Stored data
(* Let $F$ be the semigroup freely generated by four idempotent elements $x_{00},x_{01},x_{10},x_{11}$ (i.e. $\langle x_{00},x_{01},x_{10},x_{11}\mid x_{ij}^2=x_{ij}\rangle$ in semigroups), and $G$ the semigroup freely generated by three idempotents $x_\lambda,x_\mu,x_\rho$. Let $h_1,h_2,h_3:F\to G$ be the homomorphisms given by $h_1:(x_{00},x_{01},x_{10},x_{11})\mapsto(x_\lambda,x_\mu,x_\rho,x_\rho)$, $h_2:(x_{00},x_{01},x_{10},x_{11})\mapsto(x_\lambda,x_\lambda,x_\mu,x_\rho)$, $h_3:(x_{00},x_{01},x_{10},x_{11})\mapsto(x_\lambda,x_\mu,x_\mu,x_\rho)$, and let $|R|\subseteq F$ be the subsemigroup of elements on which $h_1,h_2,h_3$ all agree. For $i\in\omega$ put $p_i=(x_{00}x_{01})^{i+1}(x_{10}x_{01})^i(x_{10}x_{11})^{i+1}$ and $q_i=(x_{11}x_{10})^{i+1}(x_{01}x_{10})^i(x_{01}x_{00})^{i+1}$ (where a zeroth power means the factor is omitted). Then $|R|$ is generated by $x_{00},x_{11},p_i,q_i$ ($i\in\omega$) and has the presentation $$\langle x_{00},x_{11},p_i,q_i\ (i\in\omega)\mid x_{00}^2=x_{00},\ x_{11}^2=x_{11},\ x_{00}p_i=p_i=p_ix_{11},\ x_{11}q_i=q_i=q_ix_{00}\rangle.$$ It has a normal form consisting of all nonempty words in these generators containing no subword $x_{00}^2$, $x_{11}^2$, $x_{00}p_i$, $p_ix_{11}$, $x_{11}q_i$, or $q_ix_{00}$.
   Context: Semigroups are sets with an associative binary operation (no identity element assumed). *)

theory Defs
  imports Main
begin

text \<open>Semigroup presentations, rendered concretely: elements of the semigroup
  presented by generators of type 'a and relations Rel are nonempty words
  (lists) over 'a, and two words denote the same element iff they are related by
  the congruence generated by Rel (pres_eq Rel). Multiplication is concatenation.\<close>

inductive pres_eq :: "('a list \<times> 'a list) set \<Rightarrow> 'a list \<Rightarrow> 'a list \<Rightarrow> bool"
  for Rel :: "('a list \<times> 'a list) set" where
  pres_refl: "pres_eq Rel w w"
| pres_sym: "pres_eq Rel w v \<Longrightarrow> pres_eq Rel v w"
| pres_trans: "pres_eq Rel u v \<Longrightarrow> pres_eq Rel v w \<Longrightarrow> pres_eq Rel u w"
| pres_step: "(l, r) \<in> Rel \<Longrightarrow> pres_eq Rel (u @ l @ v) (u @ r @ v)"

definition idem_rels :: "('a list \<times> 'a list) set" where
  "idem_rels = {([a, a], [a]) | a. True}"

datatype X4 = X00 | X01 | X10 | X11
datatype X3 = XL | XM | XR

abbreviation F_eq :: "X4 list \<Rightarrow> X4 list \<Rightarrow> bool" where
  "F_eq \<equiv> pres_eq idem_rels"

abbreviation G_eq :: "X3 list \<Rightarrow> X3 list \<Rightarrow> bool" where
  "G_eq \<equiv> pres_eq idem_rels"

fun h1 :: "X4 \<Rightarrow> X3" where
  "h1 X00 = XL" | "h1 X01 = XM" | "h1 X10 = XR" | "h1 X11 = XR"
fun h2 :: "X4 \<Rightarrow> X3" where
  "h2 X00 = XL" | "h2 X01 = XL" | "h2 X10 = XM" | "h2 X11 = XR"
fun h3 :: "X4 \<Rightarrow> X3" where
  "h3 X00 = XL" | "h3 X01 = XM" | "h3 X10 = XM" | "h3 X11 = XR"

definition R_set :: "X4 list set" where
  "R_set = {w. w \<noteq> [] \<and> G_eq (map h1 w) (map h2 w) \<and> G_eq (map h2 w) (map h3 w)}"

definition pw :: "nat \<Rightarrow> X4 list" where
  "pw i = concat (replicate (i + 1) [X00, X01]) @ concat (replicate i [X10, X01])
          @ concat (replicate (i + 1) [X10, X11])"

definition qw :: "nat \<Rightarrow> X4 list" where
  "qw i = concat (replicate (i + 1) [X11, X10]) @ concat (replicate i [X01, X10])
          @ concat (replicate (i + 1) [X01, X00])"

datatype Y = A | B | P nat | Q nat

* [WHAT THIS TASK INVOLVES] Every line above must appear again in your reply, exactly as written.

* [ANSWER SECTION]
(* Let $F$ be the semigroup freely generated by four idempotent elements $x_{00},x_{01},x_{10},x_{11}$ (i.e. $\langle x_{00},x_{01},x_{10},x_{11}\mid x_{ij}^2=x_{ij}\rangle$ in semigroups), and $G$ the semigroup freely generated by three idempotents $x_\lambda,x_\mu,x_\rho$. Let $h_1,h_2,h_3:F\to G$ be the homomorphisms given by $h_1:(x_{00},x_{01},x_{10},x_{11})\mapsto(x_\lambda,x_\mu,x_\rho,x_\rho)$, $h_2:(x_{00},x_{01},x_{10},x_{11})\mapsto(x_\lambda,x_\lambda,x_\mu,x_\rho)$, $h_3:(x_{00},x_{01},x_{10},x_{11})\mapsto(x_\lambda,x_\mu,x_\mu,x_\rho)$, and let $|R|\subseteq F$ be the subsemigroup of elements on which $h_1,h_2,h_3$ all agree. For $i\in\omega$ put $p_i=(x_{00}x_{01})^{i+1}(x_{10}x_{01})^i(x_{10}x_{11})^{i+1}$ and $q_i=(x_{11}x_{10})^{i+1}(x_{01}x_{10})^i(x_{01}x_{00})^{i+1}$ (where a zeroth power means the factor is omitted). Then $|R|$ is generated by $x_{00},x_{11},p_i,q_i$ ($i\in\omega$) and has the presentation $$\langle x_{00},x_{11},p_i,q_i\ (i\in\omega)\mid x_{00}^2=x_{00},\ x_{11}^2=x_{11},\ x_{00}p_i=p_i=p_ix_{11},\ x_{11}q_i=q_i=q_ix_{00}\rangle.$$ It has a normal form consisting of all nonempty words in these generators containing no subword $x_{00}^2$, $x_{11}^2$, $x_{00}p_i$, $p_ix_{11}$, $x_{11}q_i$, or $q_ix_{00}$.
   Context: Semigroups are sets with an associative binary operation (no identity element assumed). *)

theory Defs
  imports Main
begin

text \<open>Semigroup presentations, rendered concretely: elements of the semigroup
  presented by generators of type 'a and relations Rel are nonempty words
  (lists) over 'a, and two words denote the same element iff they are related by
  the congruence generated by Rel (pres_eq Rel). Multiplication is concatenation.\<close>

inductive pres_eq :: "('a list \<times> 'a list) set \<Rightarrow> 'a list \<Rightarrow> 'a list \<Rightarrow> bool"
  for Rel :: "('a list \<times> 'a list) set" where
  pres_refl: "pres_eq Rel w w"
| pres_sym: "pres_eq Rel w v \<Longrightarrow> pres_eq Rel v w"
| pres_trans: "pres_eq Rel u v \<Longrightarrow> pres_eq Rel v w \<Longrightarrow> pres_eq Rel u w"
| pres_step: "(l, r) \<in> Rel \<Longrightarrow> pres_eq Rel (u @ l @ v) (u @ r @ v)"

definition idem_rels :: "('a list \<times> 'a list) set" where
  "idem_rels = {([a, a], [a]) | a. True}"

datatype X4 = X00 | X01 | X10 | X11
datatype X3 = XL | XM | XR

abbreviation F_eq :: "X4 list \<Rightarrow> X4 list \<Rightarrow> bool" where
  "F_eq \<equiv> pres_eq idem_rels"

abbreviation G_eq :: "X3 list \<Rightarrow> X3 list \<Rightarrow> bool" where
  "G_eq \<equiv> pres_eq idem_rels"

fun h1 :: "X4 \<Rightarrow> X3" where
  "h1 X00 = XL" | "h1 X01 = XM" | "h1 X10 = XR" | "h1 X11 = XR"
fun h2 :: "X4 \<Rightarrow> X3" where
  "h2 X00 = XL" | "h2 X01 = XL" | "h2 X10 = XM" | "h2 X11 = XR"
fun h3 :: "X4 \<Rightarrow> X3" where
  "h3 X00 = XL" | "h3 X01 = XM" | "h3 X10 = XM" | "h3 X11 = XR"

definition R_set :: "X4 list set" where
  "R_set = {w. w \<noteq> [] \<and> G_eq (map h1 w) (map h2 w) \<and> G_eq (map h2 w) (map h3 w)}"

definition pw :: "nat \<Rightarrow> X4 list" where
  "pw i = concat (replicate (i + 1) [X00, X01]) @ concat (replicate i [X10, X01])
          @ concat (replicate (i + 1) [X10, X11])"

definition qw :: "nat \<Rightarrow> X4 list" where
  "qw i = concat (replicate (i + 1) [X11, X10]) @ concat (replicate i [X01, X10])
          @ concat (replicate (i + 1) [X01, X00])"

datatype Y = A | B | P nat | Q nat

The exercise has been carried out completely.